HRV-anchored autonomic-morphological structured factorization for interpretable multimodal cardiovascular risk prediction.

Jiantao Xu, Dexing Zhou, Jianbo Xu, Tianruo Wang

原始摘要(英文原文)· Original abstract
Cardiovascular risk prediction from heterogeneous physiological signals supports early warning in bedside and wearable monitoring, where ECG, PPG, HRV, signal-quality indicators, activity context, and clinical metadata jointly carry evidence of short-term deterioration. However, existing approaches face two limitations: HRV-based models are physiologically interpretable yet cannot represent waveform morphology, whereas conventional multimodal deep models entangle autonomic regulation, cardiovascular morphology, activity-related interference, patient-specific baseline, and acquisition uncertainty in one latent space. We propose AM-DiMNet, an HRV-anchored autonomic-morphological structured factorization framework predicting clinically recorded cardiovascular deterioration within 24 h.
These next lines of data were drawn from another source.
lemma set_integrable_Icc_of_square_integrable:
  fixes f :: "real \<Rightarrow> complex"
  assumes m: "set_borel_measurable lborel S f"
    and i: "set_integrable lborel S (\<lambda>x. (norm (f x))^2)"
    and S: "{x..y} \<subseteq> S"
  shows "set_integrable lborel {x..y} f"
proof (rule set_integrable_bound[where f = "\<lambda>t. 1 + (norm (f t))^2"])
  have "set_integrable lborel {x..y} (\<lambda>t. 1::real)"
    by (rule borel_integrable_atLeastAtMost') (rule continuous_on_const)
  moreover have "set_integrable lborel {x..y} (\<lambda>t. (norm (f t))^2)"
    by (rule set_integrable_subset[OF i _ S]) simp
  ultimately show "set_integrable lborel {x..y} (\<lambda>t. 1 + (norm (f t))^2)"
    by (rule set_integral_add(1))
  show "set_borel_measurable lborel {x..y} f"
    by (rule set_borel_measurable_subset[OF m _ S]) simp
  have "r \<le> 1 + r^2" if "0 \<le> r" for r :: real
    using sum_squares_ge_zero[of "r - 1" 0] that by (simp add: power2_eq_square algebra_simps)
  then show "AE t in lborel. t \<in> {x..y} \<longrightarrow> norm (f t) \<le> norm (1 + (norm (f t))^2)"
    by simp
qed

lemma set_borel_measurable_norm_mult:
  fixes f g :: "real \<Rightarrow> complex"
  assumes "set_borel_measurable lborel A f" "set_borel_measurable lborel A g"
  shows "set_borel_measurable lborel A (\<lambda>x. norm (f x) * norm (g x))"
proof -
  have [measurable]: "(\<lambda>x. indicator A x *\<^sub>R f x) \<in> borel_measurable lborel"
     "(\<lambda>x. indicator A x *\<^sub>R g x) \<in> borel_measurable lborel"
    using assms unfolding set_borel_measurable_def by auto
  have "(\<lambda>x. indicator A x *\<^sub>R (norm (f x) * norm (g x))) =
        (\<lambda>x. norm (indicator A x *\<^sub>R f x) * norm (indicator A x *\<^sub>R g x))"
    by (auto simp: fun_eq_iff indicator_def)
  also have "\<dots> \<in> borel_measurable lborel" by measurable
  finally show ?thesis unfolding set_borel_measurable_def .
qed

lemma set_integral_norm_mult_AM_GM:
  fixes f g :: "real \<Rightarrow> complex"
  assumes mf: "set_borel_measurable lborel A f" and mg: "set_borel_measurable lborel A g"
    and f: "set_integrable lborel A (\<lambda>x. (norm (f x))^2)"
    and g: "set_integrable lborel A (\<lambda>x. (norm (g x))^2)"
    and K: "K > 0"
  shows "set_integrable lborel A (\<lambda>x. norm (f x) * norm (g x))"
    and "2 * (LINT x:A|lborel. norm (f x) * norm (g x))
          \<le> K * (LINT x:A|lborel. (norm (f x))^2) + (LINT x:A|lborel. (norm (g x))^2) / K"
proof -
  have pointwise: "2 * (norm (f x) * norm (g x)) \<le> K * (norm (f x))^2 + (norm (g x))^2 / K" for x
  proof -
    have "0 \<le> (K * norm (f x) - norm (g x))^2 / K" using K by simp
    then show ?thesis using K by (simp add: power2_eq_square field_simps)
  qed
  have bound_integrable: "set_integrable lborel A (\<lambda>x. K * (norm (f x))^2 + (norm (g x))^2 / K)"
    using f g by (intro set_integral_add(1)) auto
  have "norm (norm (f x) * norm (g x)) \<le> norm (K * (norm (f x))^2 + (norm (g x))^2 / K)" for x
    using pointwise[of x] mult_nonneg_nonneg[OF norm_ge_zero norm_ge_zero, of "f x" "g x"]
    by (simp add: abs_mult)
  then show integrable: "set_integrable lborel A (\<lambda>x. norm (f x) * norm (g x))"
    by (intro set_integrable_bound[OF bound_integrable set_borel_measurable_norm_mult[OF mf mg]])
      simp
  have "(LINT x:A|lborel. 2 * (norm (f x) * norm (g x)))
      \<le> (LINT x:A|lborel. K * (norm (f x))^2 + (norm (g x))^2 / K)"
    by (rule set_integral_mono[OF _ bound_integrable])
      (use integrable pointwise in \<open>auto simp: set_integrable_mult_right\<close>)
  also have "\<dots> = K * (LINT x:A|lborel. (norm (f x))^2) + (LINT x:A|lborel. (norm (g x))^2) / K"
    using f g by (simp add: set_integral_add(2))
  finally show "2 * (LINT x:A|lborel. norm (f x) * norm (g x))
      \<le> K * (LINT x:A|lborel. (norm (f x))^2) + (LINT x:A|lborel. (norm (g x))^2) / K"
    by simp
qed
In the primary end-to-end cohort, it integrates ECG, PPG, explicit HRV features, movement- and waveform-instability proxies, clinical metadata, modality-availability masks, and signal-quality scores, then factorizes the fused representation into autonomic, morphological, activity, baseline, and noise components via HRV anchoring and quality-aware fusion. Because no public dataset jointly provides all modalities with longitudinal outcomes, PCG is treated as an architecturally compatible optional branch and is assessed only through task-specific component-level morphology experiments, not as an empirically validated contributor to the primary 24-h endpoint. AM-DiMNet attained an AUROC of 0.895, AUPRC of 0.684, Macro-F1 of 0.804, MCC of 0.641, and ECE of 0.036, raising AUROC from 0.786 and AUPRC from 0.503 over HRV-based XGBoost and surpassing attention and modality-dropout fusion in discrimination, calibration, and incomplete-input robustness. The prediction target was a retrospective composite of time-stamped physiological adverse events and care-process-mediated interventions recorded under the clinical practices represented in the source cohort, and should not be interpreted as a policy-invariant estimate of untreated biological deterioration. These results show HRV can act as an interpretable autonomic anchor for calibrated, physiologically structured risk modeling; the latent-factor analyses offer internal, mechanism-consistent evidence rather than causal or clinician-validated explanations.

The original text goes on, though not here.